• Task to carry out: The answer must consist of every line from the entries below that contains the word "close".

• Data shown:
lemma inc_eq_doubleton:
  assumes "v \<in> fst H" "e \<in> inc H v" "f \<in> inc H v" "e \<noteq> f"
  shows "inc H v = {e, f}"
proof -
  have "finite (inc H v)"
    using finite_edges unfolding inc_def by simp
  moreover have "card (inc H v) \<le> card {e, f}"
    using degree_le_2[OF assms(1)] assms(4) by simp
  ultimately show ?thesis
    using assms(2,3) by (metis card_seteq empty_subsetI insert_subset)
qed

definition inner_vertices :: "'a set" where
  "inner_vertices = {v \<in> fst H. inc H v \<noteq> {} \<and> (\<exists>x\<in>fst G. inc H v \<subseteq> \<mu> x)}"

definition merge_invariant :: "'a set \<Rightarrow> 'a set set set \<Rightarrow> bool" where
  "merge_invariant M P \<longleftrightarrow> partition_on (snd H) P \<and>
     (\<forall>C\<in>P. \<forall>x\<in>fst G. C \<inter> \<mu> x \<noteq> {} \<longrightarrow> C \<subseteq> \<mu> x) \<and> (\<forall>v\<in>M. \<exists>C\<in>P. inc H v \<subseteq> C)"

lemma merge_invariant_singletons: "merge_invariant {} ((\<lambda>e. {e}) ` snd H)"
  unfolding merge_invariant_def by (auto simp: partition_on_singletons)

lemma merge_invariant_insert:
  assumes inv: "merge_invariant M P" and v: "v \<in> inner_vertices"
  shows "merge_invariant (insert v M) (merge_blocks v P)"
proof -
  obtain x where x: "x \<in> fst G" "inc H v \<subseteq> \<mu> x" and star: "inc H v \<noteq> {}"
    using v unfolding inner_vertices_def by auto
  have part: "partition_on (snd H) P"
    and within_branch: "\<And>C y. C \<in> P \<Longrightarrow> y \<in> fst G \<Longrightarrow> C \<inter> \<mu> y \<noteq> {} \<Longrightarrow> C \<subseteq> \<mu> y"
    and stars: "\<And>u. u \<in> M \<Longrightarrow> \<exists>C\<in>P. inc H u \<subseteq> C"
    using inv unfolding merge_invariant_def by auto
  let ?N = "\<Union>{C \<in> P. v \<in> \<Union>C}"
  have star_subset: "inc H v \<subseteq> ?N"
    using partition_onD1[OF part] unfolding inc_def by blast
  have "C \<subseteq> \<mu> x" if C: "C \<in> P" "v \<in> \<Union>C" for C
  proof -
    obtain e where "e \<in> C" "v \<in> e" using C(2) by blast
    moreover have "e \<in> snd H" using \<open>e \<in> C\<close> C(1) partition_onD1[OF part] by blast
    ultimately have "e \<in> C \<inter> \<mu> x" using x(2) unfolding inc_def by blast
    then show ?thesis using within_branch[OF C(1) x(1)] by blast
  qed
  then have "?N \<subseteq> \<mu> x"
    by blast
  then have "C \<subseteq> \<mu> y" if "C \<in> merge_blocks v P" "y \<in> fst G" "C \<inter> \<mu> y \<noteq> {}" for C y
    using that within_branch branch_unique[OF that(2) x(1)] unfolding merge_blocks_def by blast
  moreover have "\<exists>C\<in>P. v \<in> \<Union>C"
    using star star_subset by blast
  then have "partition_on (snd H) (merge_blocks v P)"
    by (rule partition_on_merge_blocks[OF part])
  moreover have "\<exists>C\<in>merge_blocks v P. inc H u \<subseteq> C" if u: "u \<in> insert v M" for u
  proof (cases "u = v")
    case True
    show ?thesis
      using star_subset unfolding True merge_blocks_def by (rule bexI) simp
  next
    case False
    then obtain C where "C \<in> P" "inc H u \<subseteq> C"
      using u stars by blast
    moreover obtain C' where "C' \<in> merge_blocks v P" "C \<subseteq> C'"
      using merge_blocks_refines[OF \<open>C \<in> P\<close>] by blast
    ultimately show ?thesis
      by blast
  qed
  ultimately show ?thesis
    unfolding merge_invariant_def by blast
qed

lemma block_eq_branch_set:
  assumes inv: "merge_invariant inner_vertices P" and "C \<in> P" "x \<in> fst G" "C \<inter> \<mu> x \<noteq> {}"
  shows "C = \<mu> x"
proof
  show "C \<subseteq> \<mu> x" using assms unfolding merge_invariant_def by blast
  obtain e where "e \<in> \<mu> x" "e \<in> C" using assms(4) by blast
  then show "\<mu> x \<subseteq> C"
  proof (rule connected_in_subset_if_closed[OF branch_connected[OF \<open>x \<in> fst G\<close>]])
    fix a b assume ab: "a \<in> \<mu> x" "b \<in> \<mu> x" "primal_adj (dual H) a b" "a \<in> C"
    then obtain v where v: "v \<in> fst H" "a \<in> inc H v" "b \<in> inc H v" "a \<noteq> b"
      unfolding primal_adj_dual by blast
    with ab have "v \<in> inner_vertices"
      using inc_eq_doubleton[OF v] \<open>x \<in> fst G\<close> unfolding inner_vertices_def by auto
    then obtain C' where "C' \<in> P" "inc H v \<subseteq> C'"
      using inv unfolding merge_invariant_def by blast
    moreover have "disjoint P"
      using inv unfolding merge_invariant_def partition_on_def by blast
    ultimately show "b \<in> C"
      using v ab(4) \<open>C \<in> P\<close> by (metis disjointD disjoint_iff subsetD)
  qed
qed

definition realises :: "'a \<Rightarrow> 'b set \<Rightarrow> bool" where
  "realises v g \<longleftrightarrow> v \<in> fst H \<and> inc H v \<subseteq> \<Union>(\<mu> ` g) \<and> (\<forall>x\<in>g. inc H v \<inter> \<mu> x \<noteq> {})"

lemma realises_exists:
  assumes "g \<in> snd G"
  shows "\<exists>v. realises v g"
proof -
  obtain a b where ab: "g = {a, b}" "a \<noteq> b" "a \<in> fst G" "b \<in> fst G"
    using is_graph_edgeE[OF graph assms] .
  then have "primal_adj G a b"
    using assms unfolding primal_adj_def by auto
  then obtain e f where "e \<in> \<mu> a" "f \<in> \<mu> b" "primal_adj (dual H) e f"
    using branch_adjacent ab by blast
  moreover from this obtain v where v: "v \<in> fst H" "e \<in> inc H v" "f \<in> inc H v" "e \<noteq> f"
    unfolding primal_adj_dual by blast
  moreover from v have "inc H v = {e, f}"
    by (rule inc_eq_doubleton)
  ultimately have "realises v g"
    unfolding realises_def using ab(1) by auto
  then show ?thesis ..
qed

definition rep :: "'b set \<Rightarrow> 'a" where
  "rep g = (SOME v. realises v g)"

lemma realises_rep: "g \<in> snd G \<Longrightarrow> realises (rep g) g"
  unfolding rep_def using realises_exists by (rule someI_ex)

lemma rep_meets_branch_iff:
  assumes "g \<in> snd G" "x \<in> fst G"
  shows "inc H (rep g) \<inter> \<mu> x \<noteq> {} \<longleftrightarrow> x \<in> g"
proof
  assume "inc H (rep g) \<inter> \<mu> x \<noteq> {}"
  then obtain e where e: "e \<in> inc H (rep g)" "e \<in> \<mu> x"
    by blast
  then obtain y where "y \<in> g" "e \<in> \<mu> y"
    using realises_rep[OF assms(1)] unfolding realises_def by blast
  moreover have "y \<in> fst G"
    using \<open>y \<in> g\<close> graph_edge_subset[OF assms(1)] by blast
  ultimately show "x \<in> g"
    using branch_unique[OF assms(2) _ e(2)] by blast
next
  assume "x \<in> g"
  then show "inc H (rep g) \<inter> \<mu> x \<noteq> {}"
    using realises_rep[OF assms(1)] unfolding realises_def by blast
qed

lemma inj_on_rep: "inj_on rep (snd G)"
proof (rule inj_onI)
  fix g h assume g: "g \<in> snd G" and h: "h \<in> snd G" and "rep g = rep h"
  then have "x \<in> g \<longleftrightarrow> x \<in> h" if "x \<in> fst G" for x
    using rep_meets_branch_iff[OF g that] rep_meets_branch_iff[OF h that] by simp
  then show "g = h"
    using graph_edge_subset[OF g] graph_edge_subset[OF h] by blast
qed

lemma rep_not_inner:
  assumes "g \<in> snd G"
  shows "rep g \<notin> inner_vertices"
proof
  assume "rep g \<in> inner_vertices"
  then obtain x where x: "x \<in> fst G" "inc H (rep g) \<subseteq> \<mu> x"
    unfolding inner_vertices_def by auto
  obtain a b where ab: "g = {a, b}" "a \<noteq> b" "a \<in> fst G" "b \<in> fst G"
    using is_graph_edgeE[OF graph assms] .
  have "a = x"
    using subset_branch_unique[OF x(1) ab(3) x(2)] rep_meets_branch_iff[OF assms ab(3)] ab(1) by simp
  moreover have "b = x"
    using subset_branch_unique[OF x(1) ab(4) x(2)] rep_meets_branch_iff[OF assms ab(4)] ab(1) by simp
  ultimately show False
    using ab(2) by simp
qed

lemma branch_set_trace:
  assumes "x \<in> fst G"
  shows "\<Union>(\<mu> x) \<inter> rep ` snd G = rep ` inc G x"
proof -
  have trace: "rep g \<in> \<Union>(\<mu> x) \<longleftrightarrow> x \<in> g" if "g \<in> snd G" for g
  proof -
    have "rep g \<in> \<Union>(\<mu> x) \<longleftrightarrow> inc H (rep g) \<inter> \<mu> x \<noteq> {}"
      using branch_subset_edges[OF assms] unfolding inc_def by blast
    then show ?thesis
      using rep_meets_branch_iff[OF that assms] by simp
  qed
  have "\<Union>(\<mu> x) \<inter> rep ` snd G = rep ` {g \<in> snd G. rep g \<in> \<Union>(\<mu> x)}"
    by blast
  also have "{g \<in> snd G. rep g \<in> \<Union>(\<mu> x)} = inc G x"
    unfolding inc_def using trace by blast
  finally show ?thesis .
qed

lemma block_trace_empty:
  assumes "C \<subseteq> snd H" "\<forall>x\<in>fst G. C \<inter> \<mu> x = {}"
  shows "\<Union>C \<inter> rep ` snd G = {}"
proof -
  have "rep g \<notin> e" if g: "g \<in> snd G" and e: "e \<in> C" for g e
  proof
    assume "rep g \<in> e"
    then have "e \<in> inc H (rep g)"
      using assms(1) e unfolding inc_def by blast
    then obtain y where "y \<in> g" "e \<in> \<mu> y"
      using realises_rep[OF g] unfolding realises_def by blast
    then show False
      using assms(2) graph_edge_subset[OF g] e by blast
  qed
  then show ?thesis
    by blast
qed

• Answer to the exercise:
    moreover have "e \<in> snd H" using \<open>e \<in> C\<close> C(1) partition_onD1[OF part] by blast
      using merge_blocks_refines[OF \<open>C \<in> P\<close>] by blast
  proof (rule connected_in_subset_if_closed[OF branch_connected[OF \<open>x \<in> fst G\<close>]])
      using inc_eq_doubleton[OF v] \<open>x \<in> fst G\<close> unfolding inner_vertices_def by auto
      using v ab(4) \<open>C \<in> P\<close> by (metis disjointD disjoint_iff subsetD)
    using \<open>y \<in> g\<close> graph_edge_subset[OF assms(1)] by blast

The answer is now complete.